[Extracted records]
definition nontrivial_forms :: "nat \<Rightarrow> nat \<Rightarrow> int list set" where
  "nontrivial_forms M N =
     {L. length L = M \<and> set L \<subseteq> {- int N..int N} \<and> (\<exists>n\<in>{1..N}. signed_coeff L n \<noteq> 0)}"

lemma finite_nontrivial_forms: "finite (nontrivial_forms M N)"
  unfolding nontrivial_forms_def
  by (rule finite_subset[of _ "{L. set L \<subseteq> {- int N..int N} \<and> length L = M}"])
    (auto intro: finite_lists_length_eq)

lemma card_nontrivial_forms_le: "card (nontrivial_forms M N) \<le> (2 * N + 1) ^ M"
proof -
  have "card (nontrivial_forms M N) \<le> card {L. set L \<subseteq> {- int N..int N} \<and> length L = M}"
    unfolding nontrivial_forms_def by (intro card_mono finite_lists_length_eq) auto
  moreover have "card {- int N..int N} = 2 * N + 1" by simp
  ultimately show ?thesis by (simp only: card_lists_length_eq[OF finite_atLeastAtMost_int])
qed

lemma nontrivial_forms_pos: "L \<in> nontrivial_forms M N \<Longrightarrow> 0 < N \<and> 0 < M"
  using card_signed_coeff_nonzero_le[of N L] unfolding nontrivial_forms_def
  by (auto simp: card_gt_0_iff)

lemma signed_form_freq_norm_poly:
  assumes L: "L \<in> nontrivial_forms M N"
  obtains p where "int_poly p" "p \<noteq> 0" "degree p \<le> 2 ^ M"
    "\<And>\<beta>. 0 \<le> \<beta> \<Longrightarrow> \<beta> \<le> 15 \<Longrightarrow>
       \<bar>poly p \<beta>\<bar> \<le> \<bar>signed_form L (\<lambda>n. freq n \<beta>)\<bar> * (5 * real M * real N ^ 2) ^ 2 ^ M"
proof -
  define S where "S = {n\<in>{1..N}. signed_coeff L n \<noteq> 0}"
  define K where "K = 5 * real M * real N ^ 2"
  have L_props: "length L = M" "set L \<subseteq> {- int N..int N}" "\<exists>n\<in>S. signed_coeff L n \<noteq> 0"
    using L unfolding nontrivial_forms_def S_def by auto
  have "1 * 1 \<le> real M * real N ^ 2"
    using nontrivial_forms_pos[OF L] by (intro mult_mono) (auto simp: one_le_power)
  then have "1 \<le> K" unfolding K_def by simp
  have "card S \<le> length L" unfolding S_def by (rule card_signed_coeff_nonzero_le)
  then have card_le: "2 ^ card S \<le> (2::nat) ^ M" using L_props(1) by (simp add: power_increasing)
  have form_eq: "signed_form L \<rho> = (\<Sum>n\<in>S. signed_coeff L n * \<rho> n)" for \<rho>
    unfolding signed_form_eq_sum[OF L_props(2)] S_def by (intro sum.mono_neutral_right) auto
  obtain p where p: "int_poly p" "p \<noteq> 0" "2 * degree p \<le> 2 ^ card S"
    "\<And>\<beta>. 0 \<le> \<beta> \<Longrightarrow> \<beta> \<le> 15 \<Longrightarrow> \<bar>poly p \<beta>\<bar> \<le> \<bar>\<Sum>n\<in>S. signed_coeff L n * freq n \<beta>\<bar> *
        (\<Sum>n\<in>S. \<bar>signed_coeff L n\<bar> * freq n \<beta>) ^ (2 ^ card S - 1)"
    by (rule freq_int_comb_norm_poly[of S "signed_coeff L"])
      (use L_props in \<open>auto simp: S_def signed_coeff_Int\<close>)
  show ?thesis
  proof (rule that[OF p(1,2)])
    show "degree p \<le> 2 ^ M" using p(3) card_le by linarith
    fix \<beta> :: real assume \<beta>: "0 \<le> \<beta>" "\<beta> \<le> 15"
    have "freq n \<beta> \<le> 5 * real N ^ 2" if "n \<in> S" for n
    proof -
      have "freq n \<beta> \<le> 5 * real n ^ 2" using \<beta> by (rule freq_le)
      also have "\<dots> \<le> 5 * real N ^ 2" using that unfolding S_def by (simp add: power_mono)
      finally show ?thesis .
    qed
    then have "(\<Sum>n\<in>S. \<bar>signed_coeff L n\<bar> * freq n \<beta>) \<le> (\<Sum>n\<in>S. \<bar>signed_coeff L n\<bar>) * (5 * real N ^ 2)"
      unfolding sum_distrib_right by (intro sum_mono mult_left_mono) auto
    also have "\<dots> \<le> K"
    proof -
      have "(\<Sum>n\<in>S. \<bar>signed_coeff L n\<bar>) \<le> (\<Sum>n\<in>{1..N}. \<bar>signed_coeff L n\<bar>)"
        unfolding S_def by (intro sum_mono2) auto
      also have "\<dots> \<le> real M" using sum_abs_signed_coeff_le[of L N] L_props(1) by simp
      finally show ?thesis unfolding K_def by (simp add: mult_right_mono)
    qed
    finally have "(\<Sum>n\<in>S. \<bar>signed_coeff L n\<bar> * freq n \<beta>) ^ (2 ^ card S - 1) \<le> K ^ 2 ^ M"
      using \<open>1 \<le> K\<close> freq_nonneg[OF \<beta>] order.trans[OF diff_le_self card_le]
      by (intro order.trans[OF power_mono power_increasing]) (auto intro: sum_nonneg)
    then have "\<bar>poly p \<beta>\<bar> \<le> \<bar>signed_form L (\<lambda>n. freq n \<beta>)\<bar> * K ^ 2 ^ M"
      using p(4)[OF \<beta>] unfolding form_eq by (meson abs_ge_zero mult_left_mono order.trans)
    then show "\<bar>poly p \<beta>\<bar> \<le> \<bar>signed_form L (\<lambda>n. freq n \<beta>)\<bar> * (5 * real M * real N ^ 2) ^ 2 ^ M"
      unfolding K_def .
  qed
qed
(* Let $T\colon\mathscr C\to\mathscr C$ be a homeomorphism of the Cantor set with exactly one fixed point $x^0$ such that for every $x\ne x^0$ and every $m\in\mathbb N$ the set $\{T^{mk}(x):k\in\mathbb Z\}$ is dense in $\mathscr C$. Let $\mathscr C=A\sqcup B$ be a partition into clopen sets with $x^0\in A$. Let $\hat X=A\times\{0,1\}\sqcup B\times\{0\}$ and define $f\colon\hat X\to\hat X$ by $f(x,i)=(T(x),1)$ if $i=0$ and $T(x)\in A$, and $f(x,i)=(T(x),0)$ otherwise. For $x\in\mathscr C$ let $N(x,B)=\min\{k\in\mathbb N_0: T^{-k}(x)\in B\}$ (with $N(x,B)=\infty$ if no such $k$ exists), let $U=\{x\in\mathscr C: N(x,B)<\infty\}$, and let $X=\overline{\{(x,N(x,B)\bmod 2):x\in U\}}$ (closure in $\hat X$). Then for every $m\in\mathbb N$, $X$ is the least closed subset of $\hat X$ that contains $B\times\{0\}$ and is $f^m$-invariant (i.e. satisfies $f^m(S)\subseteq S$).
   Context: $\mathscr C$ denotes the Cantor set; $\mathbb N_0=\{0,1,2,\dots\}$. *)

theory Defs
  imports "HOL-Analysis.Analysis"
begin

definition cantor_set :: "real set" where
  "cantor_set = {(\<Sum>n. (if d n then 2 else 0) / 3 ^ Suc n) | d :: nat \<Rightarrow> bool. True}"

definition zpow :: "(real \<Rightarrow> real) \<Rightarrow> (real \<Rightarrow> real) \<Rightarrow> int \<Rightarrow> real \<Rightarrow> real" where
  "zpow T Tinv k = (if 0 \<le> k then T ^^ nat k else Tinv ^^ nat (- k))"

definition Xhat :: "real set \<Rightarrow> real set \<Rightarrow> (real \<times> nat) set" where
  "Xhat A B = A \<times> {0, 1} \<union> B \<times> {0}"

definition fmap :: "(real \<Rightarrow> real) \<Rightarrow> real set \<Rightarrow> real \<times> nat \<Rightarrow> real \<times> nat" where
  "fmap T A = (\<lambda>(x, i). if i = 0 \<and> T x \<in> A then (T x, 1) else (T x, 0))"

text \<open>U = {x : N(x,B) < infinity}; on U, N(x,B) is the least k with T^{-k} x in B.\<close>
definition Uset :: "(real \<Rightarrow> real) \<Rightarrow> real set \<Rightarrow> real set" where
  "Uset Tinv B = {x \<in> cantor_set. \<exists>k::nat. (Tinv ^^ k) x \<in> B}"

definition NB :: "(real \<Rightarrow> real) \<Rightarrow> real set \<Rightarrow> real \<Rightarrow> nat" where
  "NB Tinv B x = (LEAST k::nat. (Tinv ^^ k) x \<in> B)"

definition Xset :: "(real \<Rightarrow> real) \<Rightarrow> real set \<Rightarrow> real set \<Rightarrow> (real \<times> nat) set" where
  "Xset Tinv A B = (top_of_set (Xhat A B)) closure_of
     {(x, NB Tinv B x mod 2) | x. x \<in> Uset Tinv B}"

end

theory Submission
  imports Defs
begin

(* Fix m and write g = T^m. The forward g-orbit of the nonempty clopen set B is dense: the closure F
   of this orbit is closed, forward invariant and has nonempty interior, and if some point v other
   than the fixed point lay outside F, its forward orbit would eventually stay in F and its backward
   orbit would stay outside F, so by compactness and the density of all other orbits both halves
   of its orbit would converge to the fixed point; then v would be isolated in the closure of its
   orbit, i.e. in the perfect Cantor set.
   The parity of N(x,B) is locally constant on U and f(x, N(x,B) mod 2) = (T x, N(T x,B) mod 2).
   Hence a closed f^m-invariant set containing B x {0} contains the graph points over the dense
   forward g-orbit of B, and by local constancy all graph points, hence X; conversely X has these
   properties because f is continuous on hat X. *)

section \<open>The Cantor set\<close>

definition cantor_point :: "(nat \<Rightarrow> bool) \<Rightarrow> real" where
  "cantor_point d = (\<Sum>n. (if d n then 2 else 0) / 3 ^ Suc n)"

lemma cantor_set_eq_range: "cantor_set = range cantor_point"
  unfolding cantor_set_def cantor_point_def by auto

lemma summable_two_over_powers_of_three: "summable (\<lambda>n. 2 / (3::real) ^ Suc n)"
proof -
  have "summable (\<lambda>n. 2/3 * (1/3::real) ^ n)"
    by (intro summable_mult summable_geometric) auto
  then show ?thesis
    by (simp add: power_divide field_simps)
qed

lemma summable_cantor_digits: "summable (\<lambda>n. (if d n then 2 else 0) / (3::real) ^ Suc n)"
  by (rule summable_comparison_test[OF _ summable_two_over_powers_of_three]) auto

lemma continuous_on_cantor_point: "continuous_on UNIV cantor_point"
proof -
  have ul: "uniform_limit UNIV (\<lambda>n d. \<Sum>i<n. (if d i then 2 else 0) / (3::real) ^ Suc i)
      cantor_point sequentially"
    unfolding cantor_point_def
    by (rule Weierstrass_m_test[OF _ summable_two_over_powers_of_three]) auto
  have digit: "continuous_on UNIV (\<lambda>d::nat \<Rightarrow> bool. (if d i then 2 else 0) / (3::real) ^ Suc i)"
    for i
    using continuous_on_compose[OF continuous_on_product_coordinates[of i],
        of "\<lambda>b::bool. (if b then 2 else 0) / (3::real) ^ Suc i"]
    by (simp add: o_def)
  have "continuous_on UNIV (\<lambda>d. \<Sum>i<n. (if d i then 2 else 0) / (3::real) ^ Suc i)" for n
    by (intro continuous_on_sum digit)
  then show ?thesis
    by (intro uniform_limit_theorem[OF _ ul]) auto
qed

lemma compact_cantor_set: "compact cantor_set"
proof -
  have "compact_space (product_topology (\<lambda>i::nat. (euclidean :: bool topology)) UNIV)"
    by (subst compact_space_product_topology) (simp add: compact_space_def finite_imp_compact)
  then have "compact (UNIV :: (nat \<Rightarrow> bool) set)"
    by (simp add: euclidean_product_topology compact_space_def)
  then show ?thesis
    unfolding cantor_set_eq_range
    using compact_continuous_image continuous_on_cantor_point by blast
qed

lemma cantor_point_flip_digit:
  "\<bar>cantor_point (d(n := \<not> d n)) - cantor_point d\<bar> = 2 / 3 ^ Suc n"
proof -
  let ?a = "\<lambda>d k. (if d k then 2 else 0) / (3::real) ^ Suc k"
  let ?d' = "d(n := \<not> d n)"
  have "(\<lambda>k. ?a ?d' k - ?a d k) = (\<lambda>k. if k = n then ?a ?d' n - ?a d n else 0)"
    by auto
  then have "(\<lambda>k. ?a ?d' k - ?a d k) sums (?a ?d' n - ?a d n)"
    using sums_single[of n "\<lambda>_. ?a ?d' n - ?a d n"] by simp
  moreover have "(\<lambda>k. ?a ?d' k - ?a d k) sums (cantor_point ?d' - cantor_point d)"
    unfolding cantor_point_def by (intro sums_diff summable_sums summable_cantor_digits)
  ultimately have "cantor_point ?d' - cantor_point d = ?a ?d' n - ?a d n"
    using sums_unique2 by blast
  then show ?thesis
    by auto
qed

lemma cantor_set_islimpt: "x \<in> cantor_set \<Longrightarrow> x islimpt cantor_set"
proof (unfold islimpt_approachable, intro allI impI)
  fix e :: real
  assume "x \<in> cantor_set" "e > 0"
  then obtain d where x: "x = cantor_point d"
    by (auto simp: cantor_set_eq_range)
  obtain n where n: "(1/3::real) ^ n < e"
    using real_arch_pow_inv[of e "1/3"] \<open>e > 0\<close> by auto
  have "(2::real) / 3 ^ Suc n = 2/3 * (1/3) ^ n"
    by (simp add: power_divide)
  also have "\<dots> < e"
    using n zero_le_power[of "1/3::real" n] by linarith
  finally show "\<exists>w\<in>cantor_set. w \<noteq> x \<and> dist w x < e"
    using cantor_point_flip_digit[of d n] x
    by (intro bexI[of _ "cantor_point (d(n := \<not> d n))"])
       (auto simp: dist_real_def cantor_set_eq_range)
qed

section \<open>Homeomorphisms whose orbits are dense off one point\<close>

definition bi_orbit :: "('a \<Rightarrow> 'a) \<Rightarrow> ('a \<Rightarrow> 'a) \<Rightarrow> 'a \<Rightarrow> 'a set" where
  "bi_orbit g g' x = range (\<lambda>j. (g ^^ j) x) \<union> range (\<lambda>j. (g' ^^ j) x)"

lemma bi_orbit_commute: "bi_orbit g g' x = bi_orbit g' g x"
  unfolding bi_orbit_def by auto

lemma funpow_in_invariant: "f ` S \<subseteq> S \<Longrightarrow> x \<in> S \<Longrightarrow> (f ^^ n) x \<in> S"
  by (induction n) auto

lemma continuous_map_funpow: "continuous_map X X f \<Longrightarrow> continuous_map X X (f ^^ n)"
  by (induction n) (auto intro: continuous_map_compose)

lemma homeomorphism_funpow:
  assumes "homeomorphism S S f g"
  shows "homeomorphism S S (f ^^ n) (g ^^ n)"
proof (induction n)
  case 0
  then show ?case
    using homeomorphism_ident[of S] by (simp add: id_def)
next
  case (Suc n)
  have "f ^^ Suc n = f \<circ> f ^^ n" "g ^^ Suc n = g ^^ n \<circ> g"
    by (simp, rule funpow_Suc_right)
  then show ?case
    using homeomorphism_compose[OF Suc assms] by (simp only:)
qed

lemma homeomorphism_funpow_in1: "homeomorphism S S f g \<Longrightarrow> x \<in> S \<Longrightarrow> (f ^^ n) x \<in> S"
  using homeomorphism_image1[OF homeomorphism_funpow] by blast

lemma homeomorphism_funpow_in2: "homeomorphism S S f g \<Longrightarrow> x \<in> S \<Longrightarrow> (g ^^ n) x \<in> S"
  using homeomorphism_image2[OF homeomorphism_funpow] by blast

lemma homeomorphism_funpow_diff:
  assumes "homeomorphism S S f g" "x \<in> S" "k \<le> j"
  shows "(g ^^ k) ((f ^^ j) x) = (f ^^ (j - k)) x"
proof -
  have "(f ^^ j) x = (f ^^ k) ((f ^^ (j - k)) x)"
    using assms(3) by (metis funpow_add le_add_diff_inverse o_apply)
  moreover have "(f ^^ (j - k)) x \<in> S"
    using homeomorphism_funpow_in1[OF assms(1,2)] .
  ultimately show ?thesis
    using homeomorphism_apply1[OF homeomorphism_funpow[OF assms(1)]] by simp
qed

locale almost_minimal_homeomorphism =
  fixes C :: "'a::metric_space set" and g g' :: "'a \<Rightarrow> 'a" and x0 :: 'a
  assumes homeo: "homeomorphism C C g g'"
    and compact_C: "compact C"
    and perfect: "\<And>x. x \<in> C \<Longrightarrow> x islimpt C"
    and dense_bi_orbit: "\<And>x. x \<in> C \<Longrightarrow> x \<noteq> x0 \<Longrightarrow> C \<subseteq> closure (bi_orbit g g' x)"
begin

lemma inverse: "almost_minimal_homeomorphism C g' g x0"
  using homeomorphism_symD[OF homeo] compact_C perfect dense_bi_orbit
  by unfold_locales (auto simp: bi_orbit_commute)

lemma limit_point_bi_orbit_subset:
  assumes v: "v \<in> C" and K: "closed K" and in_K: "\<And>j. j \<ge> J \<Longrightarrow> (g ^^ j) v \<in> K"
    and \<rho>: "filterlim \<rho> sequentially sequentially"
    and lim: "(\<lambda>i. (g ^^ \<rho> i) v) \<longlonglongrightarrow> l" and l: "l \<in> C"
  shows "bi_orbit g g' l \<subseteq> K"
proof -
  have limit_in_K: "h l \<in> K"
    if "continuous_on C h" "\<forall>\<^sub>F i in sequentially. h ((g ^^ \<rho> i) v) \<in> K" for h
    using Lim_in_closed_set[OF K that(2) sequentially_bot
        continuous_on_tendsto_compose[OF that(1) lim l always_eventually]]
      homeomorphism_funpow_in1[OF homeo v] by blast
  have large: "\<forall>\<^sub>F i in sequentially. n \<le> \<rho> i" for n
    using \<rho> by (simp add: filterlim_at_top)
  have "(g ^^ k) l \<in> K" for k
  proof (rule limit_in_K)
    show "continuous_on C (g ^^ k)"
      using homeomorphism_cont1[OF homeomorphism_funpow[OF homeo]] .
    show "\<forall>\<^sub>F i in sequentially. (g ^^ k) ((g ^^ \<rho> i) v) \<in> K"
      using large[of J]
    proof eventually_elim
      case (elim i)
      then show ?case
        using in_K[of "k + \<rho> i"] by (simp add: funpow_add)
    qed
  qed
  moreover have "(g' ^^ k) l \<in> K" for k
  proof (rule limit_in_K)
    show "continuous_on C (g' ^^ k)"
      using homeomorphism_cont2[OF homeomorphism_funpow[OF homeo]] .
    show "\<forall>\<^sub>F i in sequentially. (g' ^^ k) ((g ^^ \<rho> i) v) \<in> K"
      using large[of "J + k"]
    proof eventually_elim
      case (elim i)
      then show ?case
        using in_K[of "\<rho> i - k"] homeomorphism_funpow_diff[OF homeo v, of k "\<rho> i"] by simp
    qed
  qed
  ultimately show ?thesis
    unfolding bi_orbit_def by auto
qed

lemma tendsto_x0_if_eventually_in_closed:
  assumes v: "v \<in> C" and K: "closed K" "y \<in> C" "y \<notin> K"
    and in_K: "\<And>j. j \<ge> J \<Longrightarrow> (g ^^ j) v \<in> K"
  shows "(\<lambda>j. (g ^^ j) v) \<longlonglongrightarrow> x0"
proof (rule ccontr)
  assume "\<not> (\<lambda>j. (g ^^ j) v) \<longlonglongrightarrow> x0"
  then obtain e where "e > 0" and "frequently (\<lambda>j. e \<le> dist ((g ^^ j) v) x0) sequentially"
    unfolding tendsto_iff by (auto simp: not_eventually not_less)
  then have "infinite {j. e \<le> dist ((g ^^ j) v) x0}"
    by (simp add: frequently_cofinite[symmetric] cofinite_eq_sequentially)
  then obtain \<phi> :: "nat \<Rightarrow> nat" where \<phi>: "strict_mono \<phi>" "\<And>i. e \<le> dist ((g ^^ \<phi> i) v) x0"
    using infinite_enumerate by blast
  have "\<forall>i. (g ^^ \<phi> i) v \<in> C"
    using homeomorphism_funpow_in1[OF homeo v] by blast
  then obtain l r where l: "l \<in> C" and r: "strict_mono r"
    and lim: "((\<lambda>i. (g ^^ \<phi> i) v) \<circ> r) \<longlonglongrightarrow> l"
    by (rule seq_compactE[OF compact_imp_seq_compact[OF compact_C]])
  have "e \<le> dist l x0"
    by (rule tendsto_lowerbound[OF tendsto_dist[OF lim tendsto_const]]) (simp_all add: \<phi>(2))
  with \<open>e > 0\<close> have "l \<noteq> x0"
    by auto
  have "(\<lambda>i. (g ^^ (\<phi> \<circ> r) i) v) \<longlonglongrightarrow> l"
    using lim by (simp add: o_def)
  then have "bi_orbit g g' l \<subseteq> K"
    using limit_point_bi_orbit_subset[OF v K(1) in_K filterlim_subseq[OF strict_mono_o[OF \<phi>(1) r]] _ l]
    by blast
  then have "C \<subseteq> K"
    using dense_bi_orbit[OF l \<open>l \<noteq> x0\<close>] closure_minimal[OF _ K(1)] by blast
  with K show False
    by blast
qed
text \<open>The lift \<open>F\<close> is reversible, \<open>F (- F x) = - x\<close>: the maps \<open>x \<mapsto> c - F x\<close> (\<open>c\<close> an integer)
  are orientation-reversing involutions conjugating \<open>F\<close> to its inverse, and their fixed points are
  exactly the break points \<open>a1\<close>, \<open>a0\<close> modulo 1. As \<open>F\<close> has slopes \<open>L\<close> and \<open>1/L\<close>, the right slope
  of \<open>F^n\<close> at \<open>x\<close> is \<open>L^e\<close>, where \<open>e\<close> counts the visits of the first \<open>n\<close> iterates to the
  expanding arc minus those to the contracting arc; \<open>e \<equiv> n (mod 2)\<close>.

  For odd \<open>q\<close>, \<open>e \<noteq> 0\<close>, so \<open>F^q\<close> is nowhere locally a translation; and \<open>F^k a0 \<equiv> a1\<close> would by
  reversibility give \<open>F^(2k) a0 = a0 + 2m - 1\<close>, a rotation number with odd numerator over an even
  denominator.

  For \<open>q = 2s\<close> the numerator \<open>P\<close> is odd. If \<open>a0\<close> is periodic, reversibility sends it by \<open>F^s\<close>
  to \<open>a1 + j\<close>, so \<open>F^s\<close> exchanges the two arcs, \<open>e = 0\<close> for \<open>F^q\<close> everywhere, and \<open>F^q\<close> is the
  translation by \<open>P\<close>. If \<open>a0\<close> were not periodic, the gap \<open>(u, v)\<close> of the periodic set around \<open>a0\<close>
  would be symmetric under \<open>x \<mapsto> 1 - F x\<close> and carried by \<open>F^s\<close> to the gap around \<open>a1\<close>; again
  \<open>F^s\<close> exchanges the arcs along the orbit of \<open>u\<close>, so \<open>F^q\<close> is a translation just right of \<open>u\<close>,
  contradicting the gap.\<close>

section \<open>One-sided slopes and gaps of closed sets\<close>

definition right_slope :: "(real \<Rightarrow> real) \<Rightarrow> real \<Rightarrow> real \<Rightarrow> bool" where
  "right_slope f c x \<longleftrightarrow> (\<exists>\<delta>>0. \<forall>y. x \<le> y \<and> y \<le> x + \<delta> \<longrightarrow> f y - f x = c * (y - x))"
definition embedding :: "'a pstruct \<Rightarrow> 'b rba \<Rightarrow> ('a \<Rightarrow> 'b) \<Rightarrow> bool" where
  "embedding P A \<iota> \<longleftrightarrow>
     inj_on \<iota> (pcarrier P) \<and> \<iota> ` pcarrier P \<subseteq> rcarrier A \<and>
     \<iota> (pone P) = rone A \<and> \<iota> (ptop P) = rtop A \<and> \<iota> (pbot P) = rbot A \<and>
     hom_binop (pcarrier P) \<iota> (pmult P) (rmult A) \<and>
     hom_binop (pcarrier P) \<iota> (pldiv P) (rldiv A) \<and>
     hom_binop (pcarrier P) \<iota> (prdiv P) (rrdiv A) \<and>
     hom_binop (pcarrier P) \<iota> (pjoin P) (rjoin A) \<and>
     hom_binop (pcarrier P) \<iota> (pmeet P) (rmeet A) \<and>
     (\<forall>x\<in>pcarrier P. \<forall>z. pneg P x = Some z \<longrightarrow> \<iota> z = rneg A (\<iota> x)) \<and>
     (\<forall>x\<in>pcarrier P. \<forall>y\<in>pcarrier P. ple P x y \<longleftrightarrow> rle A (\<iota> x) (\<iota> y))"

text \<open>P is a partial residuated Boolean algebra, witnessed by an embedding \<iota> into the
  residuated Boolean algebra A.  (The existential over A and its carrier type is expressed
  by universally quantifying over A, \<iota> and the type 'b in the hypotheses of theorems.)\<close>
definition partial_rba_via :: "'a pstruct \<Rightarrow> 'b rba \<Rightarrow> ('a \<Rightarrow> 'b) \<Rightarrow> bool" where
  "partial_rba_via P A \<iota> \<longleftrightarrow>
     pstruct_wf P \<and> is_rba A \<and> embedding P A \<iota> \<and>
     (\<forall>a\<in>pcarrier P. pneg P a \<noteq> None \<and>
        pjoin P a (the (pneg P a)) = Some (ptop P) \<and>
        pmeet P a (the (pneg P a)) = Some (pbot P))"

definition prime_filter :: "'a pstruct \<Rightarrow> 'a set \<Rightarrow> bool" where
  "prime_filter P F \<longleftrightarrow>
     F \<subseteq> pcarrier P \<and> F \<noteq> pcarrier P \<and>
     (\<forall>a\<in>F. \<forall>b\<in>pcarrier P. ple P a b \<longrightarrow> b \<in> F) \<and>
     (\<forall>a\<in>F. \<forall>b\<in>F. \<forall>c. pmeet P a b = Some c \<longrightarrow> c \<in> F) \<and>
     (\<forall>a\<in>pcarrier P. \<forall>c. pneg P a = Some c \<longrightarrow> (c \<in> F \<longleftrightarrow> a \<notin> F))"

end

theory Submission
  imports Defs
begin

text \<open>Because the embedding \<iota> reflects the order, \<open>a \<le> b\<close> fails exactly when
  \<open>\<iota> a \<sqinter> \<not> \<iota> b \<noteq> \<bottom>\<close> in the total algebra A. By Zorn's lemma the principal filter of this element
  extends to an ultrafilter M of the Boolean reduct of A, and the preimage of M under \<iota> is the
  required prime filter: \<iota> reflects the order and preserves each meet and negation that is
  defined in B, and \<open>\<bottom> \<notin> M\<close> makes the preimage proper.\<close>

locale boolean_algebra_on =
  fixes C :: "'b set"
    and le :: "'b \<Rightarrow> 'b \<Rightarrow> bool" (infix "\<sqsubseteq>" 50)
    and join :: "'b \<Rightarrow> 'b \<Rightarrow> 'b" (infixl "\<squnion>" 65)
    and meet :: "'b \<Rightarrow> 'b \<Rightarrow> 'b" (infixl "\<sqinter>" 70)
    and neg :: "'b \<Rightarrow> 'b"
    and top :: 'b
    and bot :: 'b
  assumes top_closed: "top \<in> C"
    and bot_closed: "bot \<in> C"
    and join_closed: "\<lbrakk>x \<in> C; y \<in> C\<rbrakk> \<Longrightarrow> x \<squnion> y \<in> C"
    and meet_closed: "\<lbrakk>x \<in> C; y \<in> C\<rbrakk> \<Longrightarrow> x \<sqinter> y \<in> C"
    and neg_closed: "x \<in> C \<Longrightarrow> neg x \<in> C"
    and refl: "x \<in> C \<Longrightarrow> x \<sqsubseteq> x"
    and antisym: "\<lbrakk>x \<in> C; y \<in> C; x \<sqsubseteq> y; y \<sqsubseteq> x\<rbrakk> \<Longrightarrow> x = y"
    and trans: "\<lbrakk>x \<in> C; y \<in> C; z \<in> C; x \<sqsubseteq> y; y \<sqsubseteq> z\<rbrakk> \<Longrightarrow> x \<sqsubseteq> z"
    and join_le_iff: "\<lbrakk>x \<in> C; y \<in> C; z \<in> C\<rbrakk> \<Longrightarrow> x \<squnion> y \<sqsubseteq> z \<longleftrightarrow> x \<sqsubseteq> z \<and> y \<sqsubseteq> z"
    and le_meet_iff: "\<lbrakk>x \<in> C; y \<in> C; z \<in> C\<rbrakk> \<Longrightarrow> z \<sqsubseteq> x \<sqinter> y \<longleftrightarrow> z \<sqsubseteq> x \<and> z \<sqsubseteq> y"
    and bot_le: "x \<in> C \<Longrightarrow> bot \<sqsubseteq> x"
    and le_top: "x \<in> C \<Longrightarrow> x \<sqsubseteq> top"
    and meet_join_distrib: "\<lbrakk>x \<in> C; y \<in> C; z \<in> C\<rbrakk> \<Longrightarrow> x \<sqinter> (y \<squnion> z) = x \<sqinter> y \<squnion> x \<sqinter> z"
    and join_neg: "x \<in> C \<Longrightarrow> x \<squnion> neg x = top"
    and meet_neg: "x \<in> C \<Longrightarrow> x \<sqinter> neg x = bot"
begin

> **Instructions for the task**
Wherever the string "preimage" appears in a line of the records, copy that line.

> **Exercise result**
  extends to an ultrafilter M of the Boolean reduct of A, and the preimage of M under \<iota> is the
  defined in B, and \<open>\<bottom> \<notin> M\<close> makes the preimage proper.\<close>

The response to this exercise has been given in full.